Where the records below reach the line containing "all $\varepsilon > 0$.", start transcribing, and end with the line containing "is the absolute", exactly and with nothing else added.

(Collected data)
★ ★ ★
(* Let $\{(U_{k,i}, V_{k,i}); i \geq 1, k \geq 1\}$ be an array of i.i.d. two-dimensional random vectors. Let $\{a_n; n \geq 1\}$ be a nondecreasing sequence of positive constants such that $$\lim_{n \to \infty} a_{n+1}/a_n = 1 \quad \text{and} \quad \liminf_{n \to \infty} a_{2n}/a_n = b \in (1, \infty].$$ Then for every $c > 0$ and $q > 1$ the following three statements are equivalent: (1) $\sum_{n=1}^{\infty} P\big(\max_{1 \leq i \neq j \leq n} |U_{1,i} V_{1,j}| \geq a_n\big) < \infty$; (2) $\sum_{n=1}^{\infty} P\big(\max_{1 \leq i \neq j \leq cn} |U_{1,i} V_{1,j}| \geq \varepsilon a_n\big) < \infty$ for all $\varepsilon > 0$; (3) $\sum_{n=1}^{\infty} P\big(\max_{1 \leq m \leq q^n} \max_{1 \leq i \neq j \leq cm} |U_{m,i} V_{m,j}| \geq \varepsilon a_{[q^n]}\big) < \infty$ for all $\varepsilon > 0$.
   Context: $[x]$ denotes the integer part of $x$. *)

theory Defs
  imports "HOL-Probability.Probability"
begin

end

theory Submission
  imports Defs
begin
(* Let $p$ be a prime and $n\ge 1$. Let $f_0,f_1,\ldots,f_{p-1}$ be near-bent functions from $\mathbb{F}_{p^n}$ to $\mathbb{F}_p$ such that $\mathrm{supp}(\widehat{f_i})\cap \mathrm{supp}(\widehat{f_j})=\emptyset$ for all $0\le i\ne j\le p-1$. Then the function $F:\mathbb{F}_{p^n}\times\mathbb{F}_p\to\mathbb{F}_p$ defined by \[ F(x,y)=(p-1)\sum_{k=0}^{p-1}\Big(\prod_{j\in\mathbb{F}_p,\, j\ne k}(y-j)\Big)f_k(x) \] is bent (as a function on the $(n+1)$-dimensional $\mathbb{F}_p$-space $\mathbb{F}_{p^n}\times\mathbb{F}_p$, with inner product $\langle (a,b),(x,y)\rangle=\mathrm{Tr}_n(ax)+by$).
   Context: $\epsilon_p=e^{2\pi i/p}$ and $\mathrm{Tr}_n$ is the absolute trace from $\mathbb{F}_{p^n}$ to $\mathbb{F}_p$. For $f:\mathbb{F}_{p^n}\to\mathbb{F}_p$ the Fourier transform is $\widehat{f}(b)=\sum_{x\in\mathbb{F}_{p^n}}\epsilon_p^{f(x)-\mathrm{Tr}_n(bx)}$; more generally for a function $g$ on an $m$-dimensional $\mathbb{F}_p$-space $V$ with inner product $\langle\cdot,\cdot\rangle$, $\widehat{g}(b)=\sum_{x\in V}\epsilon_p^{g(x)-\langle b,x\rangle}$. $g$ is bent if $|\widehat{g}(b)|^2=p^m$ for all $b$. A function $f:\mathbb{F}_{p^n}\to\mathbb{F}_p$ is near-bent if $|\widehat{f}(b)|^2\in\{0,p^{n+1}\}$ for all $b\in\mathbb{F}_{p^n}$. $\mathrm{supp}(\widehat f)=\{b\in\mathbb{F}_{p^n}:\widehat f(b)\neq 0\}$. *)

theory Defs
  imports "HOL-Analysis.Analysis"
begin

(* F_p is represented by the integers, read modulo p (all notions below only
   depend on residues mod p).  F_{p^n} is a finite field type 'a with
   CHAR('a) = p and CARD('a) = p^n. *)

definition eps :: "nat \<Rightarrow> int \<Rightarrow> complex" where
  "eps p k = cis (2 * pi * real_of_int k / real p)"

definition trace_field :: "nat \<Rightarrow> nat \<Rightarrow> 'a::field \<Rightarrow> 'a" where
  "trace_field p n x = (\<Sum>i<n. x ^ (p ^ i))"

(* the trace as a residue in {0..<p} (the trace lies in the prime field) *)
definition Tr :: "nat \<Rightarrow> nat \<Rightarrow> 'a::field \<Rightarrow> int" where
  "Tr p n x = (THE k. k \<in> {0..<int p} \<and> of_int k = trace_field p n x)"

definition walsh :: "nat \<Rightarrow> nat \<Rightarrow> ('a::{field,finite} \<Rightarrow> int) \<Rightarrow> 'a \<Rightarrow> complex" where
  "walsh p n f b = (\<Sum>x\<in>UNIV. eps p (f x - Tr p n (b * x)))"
★ ★ ★
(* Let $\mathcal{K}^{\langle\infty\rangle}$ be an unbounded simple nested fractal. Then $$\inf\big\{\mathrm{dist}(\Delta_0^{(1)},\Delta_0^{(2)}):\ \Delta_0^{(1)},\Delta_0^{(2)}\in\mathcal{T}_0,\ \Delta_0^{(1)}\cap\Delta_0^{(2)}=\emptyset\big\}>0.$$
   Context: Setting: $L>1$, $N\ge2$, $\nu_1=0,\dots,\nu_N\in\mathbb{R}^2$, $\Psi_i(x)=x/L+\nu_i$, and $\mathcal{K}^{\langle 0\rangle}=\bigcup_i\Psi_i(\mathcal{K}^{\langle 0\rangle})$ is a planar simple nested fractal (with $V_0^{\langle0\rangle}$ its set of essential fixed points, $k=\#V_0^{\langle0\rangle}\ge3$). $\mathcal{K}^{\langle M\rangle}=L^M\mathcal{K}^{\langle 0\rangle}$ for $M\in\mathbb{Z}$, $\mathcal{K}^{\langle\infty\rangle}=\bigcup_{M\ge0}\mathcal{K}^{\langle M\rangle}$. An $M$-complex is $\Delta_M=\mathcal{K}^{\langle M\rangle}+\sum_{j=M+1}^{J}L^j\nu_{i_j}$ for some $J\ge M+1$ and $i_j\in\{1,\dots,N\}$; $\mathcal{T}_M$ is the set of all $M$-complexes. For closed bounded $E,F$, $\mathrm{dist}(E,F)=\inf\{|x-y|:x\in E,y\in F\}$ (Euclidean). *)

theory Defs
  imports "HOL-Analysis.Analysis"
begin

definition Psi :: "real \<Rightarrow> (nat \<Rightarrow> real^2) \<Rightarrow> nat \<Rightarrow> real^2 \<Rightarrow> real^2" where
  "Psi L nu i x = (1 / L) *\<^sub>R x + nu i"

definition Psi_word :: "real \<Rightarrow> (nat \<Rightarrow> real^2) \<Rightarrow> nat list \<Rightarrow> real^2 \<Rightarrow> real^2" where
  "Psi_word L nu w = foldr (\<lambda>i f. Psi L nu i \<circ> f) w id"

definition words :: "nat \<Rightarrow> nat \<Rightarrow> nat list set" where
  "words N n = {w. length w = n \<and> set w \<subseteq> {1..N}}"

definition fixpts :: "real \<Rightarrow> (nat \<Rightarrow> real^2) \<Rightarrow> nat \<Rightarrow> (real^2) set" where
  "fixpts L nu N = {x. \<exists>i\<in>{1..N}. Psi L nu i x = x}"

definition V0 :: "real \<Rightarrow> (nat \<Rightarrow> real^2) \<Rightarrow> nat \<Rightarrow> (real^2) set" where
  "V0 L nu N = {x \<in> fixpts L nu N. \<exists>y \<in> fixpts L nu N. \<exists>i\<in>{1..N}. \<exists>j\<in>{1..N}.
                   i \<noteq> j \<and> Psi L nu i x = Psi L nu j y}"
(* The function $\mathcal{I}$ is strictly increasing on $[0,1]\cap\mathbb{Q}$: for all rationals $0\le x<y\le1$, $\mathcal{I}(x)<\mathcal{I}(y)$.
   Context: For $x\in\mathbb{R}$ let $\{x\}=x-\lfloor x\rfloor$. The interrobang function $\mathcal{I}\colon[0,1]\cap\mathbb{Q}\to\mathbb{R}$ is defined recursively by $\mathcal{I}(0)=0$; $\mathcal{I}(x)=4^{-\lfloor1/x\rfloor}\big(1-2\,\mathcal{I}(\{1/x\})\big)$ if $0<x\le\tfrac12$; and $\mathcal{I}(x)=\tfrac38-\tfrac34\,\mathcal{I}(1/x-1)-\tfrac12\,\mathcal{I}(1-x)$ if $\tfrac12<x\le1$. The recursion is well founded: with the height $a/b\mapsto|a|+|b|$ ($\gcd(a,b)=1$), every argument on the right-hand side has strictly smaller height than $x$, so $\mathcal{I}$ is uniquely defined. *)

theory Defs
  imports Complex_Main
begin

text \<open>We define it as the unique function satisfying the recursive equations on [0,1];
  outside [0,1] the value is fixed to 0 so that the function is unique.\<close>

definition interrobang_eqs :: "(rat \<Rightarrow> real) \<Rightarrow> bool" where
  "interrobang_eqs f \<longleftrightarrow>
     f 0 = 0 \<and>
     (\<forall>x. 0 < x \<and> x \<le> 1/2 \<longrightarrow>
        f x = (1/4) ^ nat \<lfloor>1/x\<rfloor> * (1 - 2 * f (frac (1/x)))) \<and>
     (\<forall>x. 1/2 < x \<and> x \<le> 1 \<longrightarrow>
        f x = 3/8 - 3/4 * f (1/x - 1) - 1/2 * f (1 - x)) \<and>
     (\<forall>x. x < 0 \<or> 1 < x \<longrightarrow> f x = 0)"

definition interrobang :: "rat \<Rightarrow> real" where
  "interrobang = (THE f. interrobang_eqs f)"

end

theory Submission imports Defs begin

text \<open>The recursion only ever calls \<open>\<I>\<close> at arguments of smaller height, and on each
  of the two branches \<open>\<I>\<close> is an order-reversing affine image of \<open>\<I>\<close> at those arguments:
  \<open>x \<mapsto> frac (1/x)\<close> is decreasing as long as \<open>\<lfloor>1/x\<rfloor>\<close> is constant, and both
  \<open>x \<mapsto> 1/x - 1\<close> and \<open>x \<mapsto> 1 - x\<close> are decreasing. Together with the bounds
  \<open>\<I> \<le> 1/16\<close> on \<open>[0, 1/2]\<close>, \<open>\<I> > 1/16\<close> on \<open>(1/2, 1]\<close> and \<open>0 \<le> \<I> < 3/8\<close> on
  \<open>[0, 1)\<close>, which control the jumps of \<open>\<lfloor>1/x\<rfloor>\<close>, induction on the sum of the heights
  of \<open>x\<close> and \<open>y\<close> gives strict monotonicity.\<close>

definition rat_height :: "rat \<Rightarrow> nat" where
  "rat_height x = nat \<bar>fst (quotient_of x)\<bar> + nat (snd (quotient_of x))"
★ ★ ★
* [Solution]:
(* Let $\{(U_{k,i}, V_{k,i}); i \geq 1, k \geq 1\}$ be an array of i.i.d. two-dimensional random vectors. Let $\{a_n; n \geq 1\}$ be a nondecreasing sequence of positive constants such that $$\lim_{n \to \infty} a_{n+1}/a_n = 1 \quad \text{and} \quad \liminf_{n \to \infty} a_{2n}/a_n = b \in (1, \infty].$$ Then for every $c > 0$ and $q > 1$ the following three statements are equivalent: (1) $\sum_{n=1}^{\infty} P\big(\max_{1 \leq i \neq j \leq n} |U_{1,i} V_{1,j}| \geq a_n\big) < \infty$; (2) $\sum_{n=1}^{\infty} P\big(\max_{1 \leq i \neq j \leq cn} |U_{1,i} V_{1,j}| \geq \varepsilon a_n\big) < \infty$ for all $\varepsilon > 0$; (3) $\sum_{n=1}^{\infty} P\big(\max_{1 \leq m \leq q^n} \max_{1 \leq i \neq j \leq cm} |U_{m,i} V_{m,j}| \geq \varepsilon a_{[q^n]}\big) < \infty$ for all $\varepsilon > 0$.
   Context: $[x]$ denotes the integer part of $x$. *)

theory Defs
  imports "HOL-Probability.Probability"
begin

end

theory Submission
  imports Defs
begin
(* Let $p$ be a prime and $n\ge 1$. Let $f_0,f_1,\ldots,f_{p-1}$ be near-bent functions from $\mathbb{F}_{p^n}$ to $\mathbb{F}_p$ such that $\mathrm{supp}(\widehat{f_i})\cap \mathrm{supp}(\widehat{f_j})=\emptyset$ for all $0\le i\ne j\le p-1$. Then the function $F:\mathbb{F}_{p^n}\times\mathbb{F}_p\to\mathbb{F}_p$ defined by \[ F(x,y)=(p-1)\sum_{k=0}^{p-1}\Big(\prod_{j\in\mathbb{F}_p,\, j\ne k}(y-j)\Big)f_k(x) \] is bent (as a function on the $(n+1)$-dimensional $\mathbb{F}_p$-space $\mathbb{F}_{p^n}\times\mathbb{F}_p$, with inner product $\langle (a,b),(x,y)\rangle=\mathrm{Tr}_n(ax)+by$).
   Context: $\epsilon_p=e^{2\pi i/p}$ and $\mathrm{Tr}_n$ is the absolute trace from $\mathbb{F}_{p^n}$ to $\mathbb{F}_p$. For $f:\mathbb{F}_{p^n}\to\mathbb{F}_p$ the Fourier transform is $\widehat{f}(b)=\sum_{x\in\mathbb{F}_{p^n}}\epsilon_p^{f(x)-\mathrm{Tr}_n(bx)}$; more generally for a function $g$ on an $m$-dimensional $\mathbb{F}_p$-space $V$ with inner product $\langle\cdot,\cdot\rangle$, $\widehat{g}(b)=\sum_{x\in V}\epsilon_p^{g(x)-\langle b,x\rangle}$. $g$ is bent if $|\widehat{g}(b)|^2=p^m$ for all $b$. A function $f:\mathbb{F}_{p^n}\to\mathbb{F}_p$ is near-bent if $|\widehat{f}(b)|^2\in\{0,p^{n+1}\}$ for all $b\in\mathbb{F}_{p^n}$. $\mathrm{supp}(\widehat f)=\{b\in\mathbb{F}_{p^n}:\widehat f(b)\neq 0\}$. *)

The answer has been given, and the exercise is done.